Летом, весь гудящий уличной жарой, я ступаю в темень подъезда. Взбегаю по лестнице. Насвистываю. Сочное яблоко куплено по дороге, я догрызаю его на бегу, кидаю огрызок в распахнутое окно третьего этажа. И, возносясь на седьмой, не переводя дух, жму кнопку звонка. Допустим, открывает мама. Торопливо говорю ей несколько нежных слов и иду в ванную. Вода разбивается о макушку, стекает по всему Шаргунову. Насвистываю! И я уже ни о чем не думаю, превращаюсь в прохладную водицу... Босиком на коврике вытираюсь.
Ура, ура, ура!
Ура, ура, ура!
так он напевал, наряжаясь во все чистое.
СТАРИКИ
Детское лето, дача. Местный мальчик Алеша, голенький, с круглым барабаном живота, увлеченно скалил клычки. За ним гналась бабка в пигментных разводах на лице: "Алеша! Не хулюгань!" Смуглая, в бархате родинок. В руке зеленая ветка. Нагнав внука, лупила. Тот изворачивался, кусался. "Алеша! Не хулюгань!" неслось по дороге. Внук имел привычку мазать стекла машин грязью, и бабка, не желая скандалов, отгоняла его.

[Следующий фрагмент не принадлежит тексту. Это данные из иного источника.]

(* Let $0<q<\infty$. Then $\frac{\pi_{2q/(2+q),q/2}}{2^{2/q+1}}=\frac{\pi_{2q/(2+q),q}}{2}$, and for all $x\in\left[0,\frac{\pi_{2q/(2+q),q}}{2}\right)$, $$\sin_{2q/(2+q),q/2}(2^{2/q}x)=\frac{2^{2/q}\sin_{2q/(2+q),q}x}{(1+\sin_{2q/(2+q),q}^{q/2}x)^{2/q}},\qquad \cos_{2q/(2+q),q/2}(2^{2/q}x)=\left(\frac{1-\sin_{2q/(2+q),q}^{q/2}x}{1+\sin_{2q/(2+q),q}^{q/2}x}\right)^{1/q+1/2}.$$ Moreover, for the same $x$, $$\sinh_{2q/(2+q),q/2}(2^{2/q}x)=2^{2/q}\sinh_{2,q}x\,(\cosh_{2,q}x+\sinh_{2,q}^{q/2}x)^{2/q},\qquad \cosh_{2q/(2+q),q/2}(2^{2/q}x)=(\cosh_{2,q}x+\sinh_{2,q}^{q/2}x)^{2/q+1}.$$
   Context: For $0<q<\infty$ and $\frac{q}{q+1}<p<\infty$: let $F_{p,q}(y)=\int_0^y (1-t^q)^{-1/p}\,dt$ for $y\in[0,1)$ and $\pi_{p,q}=2\int_0^1(1-t^q)^{-1/p}\,dt\in(0,\infty]$ (it equals $\infty$ when $p\le 1$). The function $\sin_{p,q}:[0,\pi_{p,q}/2)\to[0,1)$ is the inverse of $F_{p,q}$ and $\cos_{p,q}x=\frac{d}{dx}\sin_{p,q}x$. Let $G_{p,q}(y)=\int_0^y(1+t^q)^{-1/p}\,dt$ for $y\in[0,\infty)$; its range is $[0,\pi_{r,q}/2)$ with $r=\frac{pq}{pq+p-q}$. The function $\sinh_{p,q}:[0,\pi_{r,q}/2)\to[0,\infty)$ is the inverse of $G_{p,q}$ and $\cosh_{p,q}x=\frac{d}{dx}\sinh_{p,q}x$. (The parameter pairs $(2q/(2+q),q/2)$, $(2q/(2+q),q)$ and $(2,q)$ all satisfy $\frac{q'}{q'+1}<p'<\infty$ for the respective second parameter $q'$.) *)

theory Defs
  imports "HOL-Analysis.Analysis"
begin

definition F_pq :: "real \<Rightarrow> real \<Rightarrow> real \<Rightarrow> real" where
  "F_pq p q y = integral {0..y} (\<lambda>t. (1 - t powr q) powr (-1/p))"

У Алеши был дед-каторжанин. Усохшее лицо и широкая вольная грудь.
- Расти, орел, пионером станешь! - сипел дед, смоля папиросу.
Внук сладостно показывал редкие зубки.
Вскоре дед умер. Яркий автобус, прощальные фигуры были похожи на призраков. И ритуальный автобус - как привидение.

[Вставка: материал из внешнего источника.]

definition farey_nbrs :: "nat \<Rightarrow> real \<Rightarrow> nat \<Rightarrow> nat \<Rightarrow> nat \<Rightarrow> nat \<Rightarrow> bool" where
  "farey_nbrs N \<alpha> a1 q1 a2 q2 \<longleftrightarrow>
     1 \<le> q1 \<and> q1 \<le> N \<and> 1 \<le> q2 \<and> q2 \<le> N \<and>
     a1 \<le> q1 \<and> a2 \<le> q2 \<and> coprime a1 q1 \<and> coprime a2 q2 \<and>
     real a1 / real q1 < \<alpha> \<and> \<alpha> < real a2 / real q2 \<and>
     (\<forall>a q. 1 \<le> q \<and> q \<le> N \<and> a \<le> q \<longrightarrow>
        \<not> (real a1 / real q1 < real a / real q \<and> real a / real q < real a2 / real q2))"

definition sorted_pts :: "nat \<Rightarrow> real \<Rightarrow> real list" where
  "sorted_pts Q \<alpha> = sort (map (\<lambda>n. frac (real n * \<alpha>)) [0..<Q])"

definition gap_len :: "nat \<Rightarrow> real \<Rightarrow> nat \<Rightarrow> real" where
  "gap_len Q \<alpha> i =
     (let s = sorted_pts Q \<alpha> in
      if Suc i < Q then s ! Suc i - s ! i else 1 - s ! i + s ! 0)"

fun letter_len :: "real \<Rightarrow> nat \<Rightarrow> nat \<Rightarrow> nat \<Rightarrow> nat \<Rightarrow> letter \<Rightarrow> real" where
  "letter_len \<alpha> a1 q1 a2 q2 LA = real q1 * \<alpha> - real a1"
| "letter_len \<alpha> a1 q1 a2 q2 LB = real a2 - real q2 * \<alpha>"
| "letter_len \<alpha> a1 q1 a2 q2 LC = (real q1 * \<alpha> - real a1) + (real a2 - real q2 * \<alpha>)"

text \<open>Number of elements of G_{Q,k}(alpha) equal to the word w (k = length w): the number
  of starting gaps i < Q such that the k consecutive gaps i, i+1, ... (cyclically) carry
  the labels w!0, ..., w!(k-1).\<close>
definition word_count :: "nat \<Rightarrow> real \<Rightarrow> nat \<Rightarrow> nat \<Rightarrow> nat \<Rightarrow> nat \<Rightarrow> letter list \<Rightarrow> nat" where
  "word_count Q \<alpha> a1 q1 a2 q2 w =
     card {i. i < Q \<and> (\<forall>j < length w.
        gap_len Q \<alpha> ((i + j) mod Q) = letter_len \<alpha> a1 q1 a2 q2 (w ! j))}"

end

theory Submission
  imports Defs
begin

text \<open>
  Let \<open>N = Q - 1\<close>. Because \<open>a\<^sub>1/q\<^sub>1 < \<alpha> < a\<^sub>2/q\<^sub>2\<close> are Farey neighbours of order \<open>N\<close>,
  among the \<open>{d\<alpha>}\<close> with \<open>1 \<le> d \<le> N\<close> the smallest is \<open>{q\<^sub>1\<alpha>} = A\<close> and the largest is
  \<open>{q\<^sub>2\<alpha>} = 1 - B\<close>, both attained only once. From this one reads off the three gap theorem
  in the following form: the point following \<open>{n\<alpha>}\<close> on the circle is \<open>{T(n)\<alpha>}\<close>, where \<open>T\<close> is
  the exchange of three intervals of \<open>{0,\<dots>,Q-1}\<close> given by \<open>T(n) = n + q\<^sub>1\<close> on \<open>[0, Q - q\<^sub>1)\<close>
  (gap \<open>A\<close>), \<open>T(n) = n - q\<^sub>2\<close> on \<open>[q\<^sub>2, Q)\<close> (gap \<open>B\<close>) and \<open>T(n) = n + q\<^sub>1 - q\<^sub>2\<close> on
  \<open>[Q - q\<^sub>1, q\<^sub>2)\<close> (gap \<open>C\<close>). Since \<open>T\<close> is a translation on each interval, the indices whose
  next \<open>k\<close> gaps read a given word form an interval \<open>[L, U)\<close>, where \<open>L\<close> and \<open>U\<close> are
  maxima and minima of linear forms in \<open>(Q, q\<^sub>1, q\<^sub>2)\<close>. These are positively homogeneous, so
  the proportion \<open>(U - L)/Q\<close> is a continuous function of \<open>(q\<^sub>1/Q, q\<^sub>2/Q)\<close>.
\<close>

section \<open>Cylinders of a three-interval exchange\<close>

text \<open>A letter \<open>c\<close> labels the interval \<open>[label_lower c, label_upper c)\<close>, on which the
  exchange is the translation by \<open>label_shift c\<close>; the parameters \<open>Q, x, y\<close> stand for
  \<open>Q, q\<^sub>1, q\<^sub>2\<close>.\<close>

fun label_lower :: "'a::linordered_idom \<Rightarrow> 'a \<Rightarrow> 'a \<Rightarrow> letter \<Rightarrow> 'a" where
  "label_lower Q x y LA = 0"
| "label_lower Q x y LB = y"
| "label_lower Q x y LC = Q - x"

Шли годы, я стал юношей. Мягкой зимой умирала старуха. На ледяной веранде округло мельтешила ее дочь. Алеша служил в армии. В глухой комнате было безжизненно натоплено. Умирающая лежала, лиловея кофтой, перебирая губами. Над изголовьем висело зеркало в пигментных разводах, с которого победные мухи пикировали на ее лицо. Для меня это было репетицией прощания с собственной бабушкой.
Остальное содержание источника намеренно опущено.